What is an upper middle class lifestyle

If you assume there is a lower middle class, middle class and upper middle class, what would an upper middle class lifestyle entail?

To me lower middle class is like the Connors on Roseanne. They own a house and cars, but they have almost nothing left over and are barely making ends meet.

Middle class means you have it better. But you still have to worry about a big medical bill or a major home remodel. You drive fairly new middle class sedans (Toyotas, Honda, Nissan, Hyundai, etc)

But I guess what is upper middle class?

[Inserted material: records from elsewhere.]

lemma R_increment_pos: "0 < R_increment n"
  using central_delannoy_pos[of n] by (simp add: R_increment_def add_pos_pos)

lemma R_increment_ratio: "(\<lambda>n. R_increment (Suc n) / R_increment n) \<longlonglongrightarrow> 3 + 2 * sqrt 2"
proof -
  let ?D = "\<lambda>n. real (central_delannoy n)"
  have "(\<lambda>n. (?D (Suc n) + ?D (Suc (Suc n))) / (?D n + ?D (Suc n))) \<longlonglongrightarrow> 3 + 2 * sqrt 2"
    using central_delannoy_pos by (intro ratio_tendsto_add_Suc[OF _ central_delannoy_ratio]) simp
  moreover have "(\<lambda>n. (2 * real n + 1) / (2 * real n + 5)) \<longlonglongrightarrow> 1"
    by real_asymp
  ultimately have "(\<lambda>n. (?D (Suc n) + ?D (Suc (Suc n))) / (?D n + ?D (Suc n)) * ((2 * real n + 1) / (2 * real n + 5)))
      \<longlonglongrightarrow> (3 + 2 * sqrt 2) * 1"
    by (rule tendsto_mult)
  moreover have "R_increment (Suc n) / R_increment n
      = (?D (Suc n) + ?D (Suc (Suc n))) / (?D n + ?D (Suc n)) * ((2 * real n + 1) / (2 * real n + 5))" for n
    using central_delannoy_pos[of n] central_delannoy_pos[of "Suc n"]
    by (simp add: R_increment_def divide_simps add_pos_pos) (simp add: algebra_simps)
  ultimately show ?thesis
    by simp
qed

theorem theorem4p2:
  shows "(\<lambda>n. R (Suc n) / R n) \<longlonglongrightarrow> 3 + 2 * sqrt 2"
proof -
  define T where "T n = R n / (2 * real n + 1)" for n
  have "0 < T 1"
    by (simp add: T_def R_def)
  have "(\<lambda>n. T (Suc n) / T n) \<longlonglongrightarrow> 3 + 2 * sqrt 2"
    using R_increment_pos R_div_odd_Suc[folded T_def] \<open>0 < T 1\<close> R_increment_ratio
    by (rule ratio_tendsto_partial_sums) (simp add: add_pos_pos)
  moreover have "(\<lambda>n. (2 * real (Suc n) + 1) / (2 * real n + 1)) \<longlonglongrightarrow> 1"
    by real_asymp
  ultimately have "(\<lambda>n. (2 * real (Suc n) + 1) / (2 * real n + 1) * (T (Suc n) / T n)) \<longlonglongrightarrow> 1 * (3 + 2 * sqrt 2)"
    by (intro tendsto_mult)
  moreover have "R n = (2 * real n + 1) * T n" for n
    by (simp add: T_def)
  ultimately show ?thesis
    by (simp add: times_divide_times_eq)
qed

end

To me its around 120-200k household income in a low cost of living area, probably closer to 250-400k household income in a high cost of living area.

To me if you can afford a 5 bedroom home*, 2-3 nice cars, expensive vacations, etc. you are upper middle class.

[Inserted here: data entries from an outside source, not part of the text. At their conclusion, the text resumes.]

lemma lambda_min_second_moment_le_expectation:
  fixes M :: "((real^'d) \<times> real) measure"
  assumes "finite_measure M" and "sets M = sets (restrict_space borel (X \<times> Y))"
    and X: "\<And>x. x \<in> X \<Longrightarrow> norm x \<le> xmax"
    and Y: "\<And>y. y \<in> Y \<Longrightarrow> \<bar>y\<bar> \<le> ymax" "\<And>y. y \<in> Y \<Longrightarrow> ymin \<le> \<bar>y\<bar>" and "ymin > 0"
  shows "lambda_min (second_moment M) * (norm w)\<^sup>2 / ymax\<^sup>2 \<le> (\<integral>z. (w \<bullet> fst z / snd z)\<^sup>2 \<partial>M)"
proof -
  note integrable = integrable_bounded_restrict_borel[OF assms(1,2)]
  have "integrable M (\<lambda>z. fst z $ i * fst z $ j)" for i j
  proof (rule integrable[where B = "xmax\<^sup>2"])
    fix z :: "(real^'d) \<times> real" assume "z \<in> X \<times> Y"
    then have "\<bar>fst z $ i\<bar> \<le> xmax" "\<bar>fst z $ j\<bar> \<le> xmax"
      using X component_le_norm_cart order_trans by (metis mem_Times_iff)+
    then show "\<bar>fst z $ i * fst z $ j\<bar> \<le> xmax\<^sup>2"
      by (simp add: abs_mult power2_eq_square mult_mono')
  qed (intro borel_measurable_continuous_onI continuous_intros)
  then have "lambda_min (second_moment M) * (norm w)\<^sup>2 / ymax\<^sup>2 \<le> (\<integral>z. (w \<bullet> fst z)\<^sup>2 \<partial>M) / ymax\<^sup>2"
    by (intro divide_right_mono) (simp_all add: lambda_min_le_quadratic_form transpose_second_moment
        flip: quadratic_form_second_moment)
  also have "\<dots> = (\<integral>z. (w \<bullet> fst z)\<^sup>2 / ymax\<^sup>2 \<partial>M)"
    by simp
  also have "\<dots> \<le> (\<integral>z. (w \<bullet> fst z / snd z)\<^sup>2 \<partial>M)"
  proof (rule integral_mono)
    have "integrable M (\<lambda>z. (w \<bullet> fst z)\<^sup>2)"
      by (rule integrable[where B = "(norm w * xmax)\<^sup>2"])
        (intro borel_measurable_continuous_onI continuous_intros, auto simp: X square_inner_le)
    then show "integrable M (\<lambda>z. (w \<bullet> fst z)\<^sup>2 / ymax\<^sup>2)"
      by simp
    show "integrable M (\<lambda>z. (w \<bullet> fst z / snd z)\<^sup>2)"
      by (rule integrable[where B = "(norm w * xmax / ymin)\<^sup>2"])
        (intro borel_measurable_power borel_measurable_divide borel_measurable_continuous_onI
          continuous_intros, auto simp: X Y \<open>ymin > 0\<close> square_inner_divide_le)
    fix z assume "z \<in> space M"
    then have "snd z \<in> Y"
      by (auto simp: space_eq_restrict_borel[OF assms(2)])
    then have "0 < (snd z)\<^sup>2" and "(snd z)\<^sup>2 \<le> ymax\<^sup>2"
      using Y[of "snd z"] \<open>ymin > 0\<close> by (auto simp: abs_le_square_iff[symmetric])
    then show "(w \<bullet> fst z)\<^sup>2 / ymax\<^sup>2 \<le> (w \<bullet> fst z / snd z)\<^sup>2"
      by (simp add: power_divide frac_le)
  qed
  finally show ?thesis .
qed

lemma sum_square_ratio_le_expectation:
  fixes M :: "((real^'d) \<times> real) measure" and xh :: "nat \<Rightarrow> real^'d"
  assumes "prob_space M" and sets_M: "sets M = sets (restrict_space borel (X \<times> Y))"
    and X: "\<And>x. x \<in> X \<Longrightarrow> norm x \<le> xmax"
    and Y: "\<And>y. y \<in> Y \<Longrightarrow> \<bar>y\<bar> \<le> ymax" "\<And>y. y \<in> Y \<Longrightarrow> ymin \<le> \<bar>y\<bar>" and "ymin > 0"
    and posdef: "\<And>v. v \<noteq> 0 \<Longrightarrow> v \<bullet> (second_moment M *v v) > 0"
    and offline: "\<And>n. n \<in> {1..N} \<Longrightarrow> xh n \<in> X \<and> yh n \<in> Y"
  shows "(\<Sum>n=1..N. (w \<bullet> xh n / yh n)\<^sup>2)
         \<le> real N * xmax\<^sup>2 * ymax\<^sup>2 / (ymin\<^sup>2 * lambda_min (second_moment M))
            * (\<integral>z. (w \<bullet> fst z / snd z)\<^sup>2 \<partial>M)"
proof -
  interpret prob_space M
    by (rule assms(1))
  define L where "L = lambda_min (second_moment M)"
  have "L > 0"
    unfolding L_def using transpose_second_moment posdef by (rule lambda_min_pos)
  obtain y0 where "y0 \<in> Y"
    using not_empty space_eq_restrict_borel[OF sets_M] by auto
  then have "ymax > 0"
    using Y \<open>ymin > 0\<close> by force
  have "(\<Sum>n=1..N. (w \<bullet> xh n / yh n)\<^sup>2) \<le> real N * (norm w * xmax / ymin)\<^sup>2"
    using sum_bounded_above[of "{1..N}" "\<lambda>n. (w \<bullet> xh n / yh n)\<^sup>2"] offline X Y \<open>ymin > 0\<close>
    by (simp add: square_inner_divide_le)
  also have "\<dots> = real N * xmax\<^sup>2 * ymax\<^sup>2 / (ymin\<^sup>2 * L) * (L * (norm w)\<^sup>2 / ymax\<^sup>2)"
    using \<open>L > 0\<close> \<open>ymax > 0\<close> by (simp add: field_simps power_mult_distrib)
  also have "\<dots> \<le> real N * xmax\<^sup>2 * ymax\<^sup>2 / (ymin\<^sup>2 * L) * (\<integral>z. (w \<bullet> fst z / snd z)\<^sup>2 \<partial>M)"
    using \<open>L > 0\<close> unfolding L_def
    by (intro mult_left_mono lambda_min_second_moment_le_expectation[OF _ sets_M X Y \<open>ymin > 0\<close>])
      (simp_all add: finite_measure_axioms)
  finally show ?thesis
    unfolding L_def .
qed

theorem lemmaD10:
  fixes \<Theta> :: "((real^'d) \<times> real) set" and X :: "(real^'d) set" and Y :: "real set"
    and \<alpha>s :: "real^'d" and \<beta>s :: real
    and M :: "((real^'d) \<times> real) measure"
    and N :: nat and xh :: "nat \<Rightarrow> real^'d" and yh ph :: "nat \<Rightarrow> real"
    and \<alpha>max \<beta>max xmax ymax ymin l\<alpha> u\<alpha> l\<beta> u\<beta> c :: real
  assumes theta_in: "(\<alpha>s, \<beta>s) \<in> \<Theta>"
    and comp_Theta: "compact \<Theta>" and comp_X: "compact X" and comp_Y: "compact Y"
    and bnd_Theta: "\<And>\<alpha> \<beta>. (\<alpha>, \<beta>) \<in> \<Theta> \<Longrightarrow> norm \<alpha> \<le> \<alpha>max \<and> \<bar>\<beta>\<bar> \<le> \<beta>max"
    and bnd_X: "\<And>x. x \<in> X \<Longrightarrow> norm x \<le> xmax"
    and bnd_Y: "\<And>y. y \<in> Y \<Longrightarrow> \<bar>y\<bar> \<le> ymax"
    and prob: "prob_space M"
    and sets_M: "sets M = sets (restrict_space borel (X \<times> Y))"
    and Exx_pos: "\<And>v. v \<noteq> 0 \<Longrightarrow> v \<bullet> (second_moment M *v v) > 0"
    and Eyy_pos: "(\<integral>z. (snd z)\<^sup>2 \<partial>M) > 0"
    and consts_pos: "l\<alpha> > 0" "u\<alpha> > 0" "l\<beta> > 0" "u\<beta> > 0"
    and alpha_bnd: "\<And>\<alpha> \<beta> x y. (\<alpha>, \<beta>) \<in> \<Theta> \<Longrightarrow> x \<in> X \<Longrightarrow> y \<in> Y \<Longrightarrow>
                      l\<alpha> \<le> \<alpha> \<bullet> x \<and> \<alpha> \<bullet> x \<le> u\<alpha>"
    and beta_bnd: "\<And>\<alpha> \<beta> x y. (\<alpha>, \<beta>) \<in> \<Theta> \<Longrightarrow> x \<in> X \<Longrightarrow> y \<in> Y \<Longrightarrow>
                      l\<beta> \<le> - \<beta> * y \<and> - \<beta> * y \<le> u\<beta>"
    and ymin_pos: "ymin > 0"
    and ymin_bnd: "\<And>y. y \<in> Y \<Longrightarrow> ymin \<le> \<bar>y\<bar>"
    and offline_in: "\<And>n. n \<in> {1..N} \<Longrightarrow> xh n \<in> X \<and> yh n \<in> Y"
    and c_pos: "c > 0"
    and assm2: "lambda_min (Sigma_hat N xh) \<ge> c * real N"
  shows "(\<Sum>n=1..N. (p_hat N xh yh ph (xh n) (yh n) - pstar (\<alpha>s, \<beta>s) (xh n) (yh n))\<^sup>2)
         \<le> real N * xmax\<^sup>2 * ymax\<^sup>2 / (ymin\<^sup>2 * lambda_min (second_moment M))
            * (\<integral>z. (p_hat N xh yh ph (fst z) (snd z) - pstar (\<alpha>s, \<beta>s) (fst z) (snd z))\<^sup>2 \<partial>M)"
proof -
  interpret prob_space M
    by (rule prob)
  obtain x0 y0 where "x0 \<in> X" and "y0 \<in> Y"
    using not_empty space_eq_restrict_borel[OF sets_M] by auto
  have "\<beta>s * y < 0" if "y \<in> Y" for y
    using beta_bnd[OF theta_in \<open>x0 \<in> X\<close> that] consts_pos by linarith
  moreover have "\<alpha>s \<bullet> x \<ge> 0" if "x \<in> X" for x
    using alpha_bnd[OF theta_in that \<open>y0 \<in> Y\<close>] consts_pos by linarith
  moreover define w where "w = A_hat N xh yh ph + (1 / (2 * \<beta>s)) *\<^sub>R \<alpha>s"
  ultimately have error: "p_hat N xh yh ph x y - pstar (\<alpha>s, \<beta>s) x y = w \<bullet> x / y"
    if "x \<in> X" and "y \<in> Y" for x y
    using that by (simp add: p_hat_minus_pstar)
  have "(\<Sum>n=1..N. (p_hat N xh yh ph (xh n) (yh n) - pstar (\<alpha>s, \<beta>s) (xh n) (yh n))\<^sup>2)
      = (\<Sum>n=1..N. (w \<bullet> xh n / yh n)\<^sup>2)"
    using offline_in by (simp add: error)
  also have "\<dots> \<le> real N * xmax\<^sup>2 * ymax\<^sup>2 / (ymin\<^sup>2 * lambda_min (second_moment M))
      * (\<integral>z. (w \<bullet> fst z / snd z)\<^sup>2 \<partial>M)"
    by (rule sum_square_ratio_le_expectation[OF prob sets_M bnd_X bnd_Y ymin_bnd ymin_pos Exx_pos
          offline_in])
  also have "(\<integral>z. (w \<bullet> fst z / snd z)\<^sup>2 \<partial>M)
      = (\<integral>z. (p_hat N xh yh ph (fst z) (snd z) - pstar (\<alpha>s, \<beta>s) (fst z) (snd z))\<^sup>2 \<partial>M)"
    by (intro Bochner_Integration.integral_cong) (auto simp: error space_eq_restrict_borel[OF sets_M])
  finally show ?thesis .
qed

*even 400k in income probably isn’t enough to afford that in a high cost of living area like SF or NYC obviously.

I think it’s living in a house you like, going on vacations you want to go on, buying the food and clothing you want, and rarely worrying if you can afford to see the doctor, or to fix/replace the car when it dies.

Generally I agree. I do think that your income range for upper MC is a bit low. I think it should be 150-250K. 120K still means that a major remodel or a nice new car would be a stretch. Fixing things and a mid-level car is easy at 100-120K.
In the DC area, $175K is solidly in the middle class. But you drive older cars and can’t really afford to buy a house. Upper it certainly is not.

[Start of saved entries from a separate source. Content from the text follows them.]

lemma extragradient_coeff_pos:
  fixes \<nu> \<beta> :: real
  assumes "0 < \<nu>" "\<nu> < 1" "(1 - sqrt (1 - \<nu>\<^sup>2)) / \<nu>\<^sup>2 < \<beta>" "\<beta> \<le> 1"
  shows "0 < 2*\<beta> - 1 - \<beta>\<^sup>2*\<nu>\<^sup>2"
proof -
  define s where "s = sqrt (1 - \<nu>\<^sup>2)"
  define t where "t = \<nu>\<^sup>2 * \<beta>"
  have "\<nu>\<^sup>2 < 1\<^sup>2"
    using assms by (intro power_strict_mono) auto
  then have \<nu>2: "0 < \<nu>\<^sup>2" "\<nu>\<^sup>2 < 1"
    using assms by auto
  then have s2: "s\<^sup>2 = 1 - \<nu>\<^sup>2"
    unfolding s_def by simp
  have "1 - s < t"
    using assms(3) \<nu>2(1) unfolding s_def t_def by (simp add: pos_divide_less_eq mult.commute)
  moreover have "t < 1"
    using \<nu>2 assms(4) mult_left_mono[of \<beta> 1 "\<nu>\<^sup>2"] unfolding t_def by linarith
  ultimately have "(1 - t)\<^sup>2 < s\<^sup>2"
    by (intro power_strict_mono) auto
  moreover have "\<nu>\<^sup>2 * (2*\<beta> - 1 - \<beta>\<^sup>2*\<nu>\<^sup>2) = (1 - \<nu>\<^sup>2) - (1 - t)\<^sup>2"
    unfolding t_def by (simp add: power2_eq_square algebra_simps)
  ultimately have "0 < \<nu>\<^sup>2 * (2*\<beta> - 1 - \<beta>\<^sup>2*\<nu>\<^sup>2)"
    using s2 by linarith
  then show ?thesis
    using \<nu>2 by (simp add: zero_less_mult_iff)
qed

lemma bt_pos:
  assumes "0 < \<gamma>0" "0 < \<nu>" "0 < \<theta>"
  shows "0 < bt g \<nu> \<theta> x \<gamma>0 l"
  using assms by (induction l) (auto simp: Let_def)

lemma ratio_le_lipschitz:
  fixes g :: "'a::real_normed_vector \<Rightarrow> 'a"
  assumes lip: "\<And>y z. norm (g y - g z) \<le> L * norm (y - z)" and "0 < L" "0 \<le> \<gamma>"
  shows "ratio g x \<gamma> \<le> \<gamma> * L"
proof (cases "zpt g x \<gamma> = x")
  case True
  then show ?thesis
    unfolding ratio_def using assms(2,3) by simp
next
  case False
  have "\<gamma> * norm (g (zpt g x \<gamma>) - g x) \<le> \<gamma> * (L * norm (zpt g x \<gamma> - x))"
    using lip \<open>0 \<le> \<gamma>\<close> by (intro mult_left_mono) auto
  then show ?thesis
    unfolding ratio_def using False by (simp add: divide_le_eq)
qed

lemma backtrack_step_ge:
  fixes r \<gamma> \<theta> \<nu> L :: real
  assumes "r \<le> \<gamma> * L" "\<nu> < r" "0 < \<nu>" "\<nu> < 1" "0 < \<theta>" "0 < L" "0 < \<gamma>"
  shows "\<theta> * \<nu> / L \<le> \<gamma> * \<theta> * min 1 (1 / r)"
proof (cases "r \<le> 1")
  case True
  have "\<theta> * \<nu> \<le> \<theta> * (\<gamma> * L)"
    using assms by simp
  then show ?thesis
    using True assms by (simp add: divide_le_eq algebra_simps)
next
  case False
  have "\<nu> * r \<le> r"
    using assms False by (intro mult_left_le_one_le) auto
  then have "\<nu> * r \<le> \<gamma> * L"
    using assms(1) by linarith
  then have "\<theta> * (\<nu> / L) \<le> \<theta> * (\<gamma> / r)"
    using assms False by (intro mult_left_mono) (auto simp: field_simps)
  then show ?thesis
    using False by (simp add: ac_simps)
qed

lemma decrement_tendsto_zero:
  fixes a b :: "nat \<Rightarrow> real"
  assumes decr: "\<And>k. a (Suc k) + b k \<le> a k" and "\<And>k. 0 \<le> a k" and "\<And>k. 0 \<le> b k"
  shows "b \<longlonglongrightarrow> 0"
proof -
  have partial_sum: "(\<Sum>k<n. b k) \<le> a 0 - a n" for n
  proof (induction n)
    case (Suc n)
    then show ?case using decr[of n] by simp
  qed simp
  have "(\<Sum>k<n. b k) \<le> a 0" for n
    using partial_sum[of n] assms(2)[of n] by linarith
  then have "summable b"
    using assms(3) by (intro summableI_nonneg_bounded[where x = "a 0"])
  then show ?thesis
    by (rule summable_LIMSEQ_zero)
qed

lemma fejer_monotone_convergent:
  fixes x :: "nat \<Rightarrow> 'a::heine_borel"
  assumes "s \<in> S"
    and fejer: "\<And>p k. p \<in> S \<Longrightarrow> dist (x (Suc k)) p \<le> dist (x k) p"
    and cluster: "\<And>r l. strict_mono r \<Longrightarrow> (x \<circ> r) \<longlonglongrightarrow> l \<Longrightarrow> l \<in> S"
  shows "\<exists>l\<in>S. x \<longlonglongrightarrow> l"
proof -
  have dist_le: "dist (x n) p \<le> dist (x m) p" if "p \<in> S" "m \<le> n" for p m n
    using decseqD[OF decseq_SucI[of "\<lambda>k. dist (x k) p"]] fejer that by blast
  have "bounded (range x)"
    unfolding bounded_def using dist_le[OF \<open>s \<in> S\<close>, of 0]
    by (metis dist_commute rangeE zero_le)
  then obtain l r where r: "strict_mono r" "(x \<circ> r) \<longlonglongrightarrow> l"
    using bounded_imp_convergent_subsequence by blast
  then have "l \<in> S"
    by (rule cluster)
  have "x \<longlonglongrightarrow> l"
  proof (rule metric_LIMSEQ_I)
    fix \<epsilon> :: real
    assume "0 < \<epsilon>"
    then obtain j where "dist (x (r j)) l < \<epsilon>"
      using metric_LIMSEQ_D[OF r(2)] by fastforce
    then show "\<exists>N. \<forall>n\<ge>N. dist (x n) l < \<epsilon>"
      using dist_le[OF \<open>l \<in> S\<close>, of "r j"] by (meson le_less_trans)
  qed
  with \<open>l \<in> S\<close> show ?thesis
    by blast
qed

locale alg2_run =
  fixes g :: "'a::real_inner \<Rightarrow> 'a" and L \<mu> \<nu> hlo hup \<theta> \<tau> \<beta> :: real and x0 :: 'a
    and x :: "nat \<Rightarrow> 'a" and gam0 h :: "nat \<Rightarrow> real"
  assumes run: "alg2 g \<mu> \<nu> hlo hup \<theta> \<tau> \<beta> x0 x gam0 h"
    and pseudo: "\<And>y z. g y \<bullet> (z - y) \<ge> 0 \<Longrightarrow> g z \<bullet> (z - y) \<ge> 0"
    and lip: "\<And>y z. norm (g y - g z) \<le> L * norm (y - z)"
    and L_pos: "0 < L"
    and \<nu>: "0 < \<nu>" "\<nu> < 1"
    and hlo: "0 < hlo" "hlo \<le> gam0 0"
    and \<theta>: "0 < \<theta>"
    and \<beta>: "(1 - sqrt (1 - \<nu>\<^sup>2)) / \<nu>\<^sup>2 < \<beta>" "\<beta> \<le> 1"
    and nonstat: "\<And>k. g (x k) \<noteq> 0"
begin

lemma iterate_Suc:
  "x (Suc k) = x k - h k *\<^sub>R (g (x k) - \<beta> *\<^sub>R (g (x k) - g (zpt g (x k) (h k))))"
  using run unfolding alg2_def by blast

lemma ratio_accepted: "ratio g (x k) (h k) \<le> \<nu>"
  using run unfolding alg2_def by blast

lemma initial_step_ge: "hlo \<le> gam0 k"
proof (cases k)
  case 0
  then show ?thesis using hlo by simp
next
  case (Suc j)
  then show ?thesis using run unfolding alg2_def proj_def by auto
qed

Yes, but this could all apply just as well to less-than-upper middle class, if their wants are modest enough.

As the OP notes, the problem with defining it according to income ranges, is that it matters quite a bit how big a family you have to support on that income, and where you’re living: the same income is going to afford a very different lifestyle in Peoria, Illinois than in New York City or San Francisco.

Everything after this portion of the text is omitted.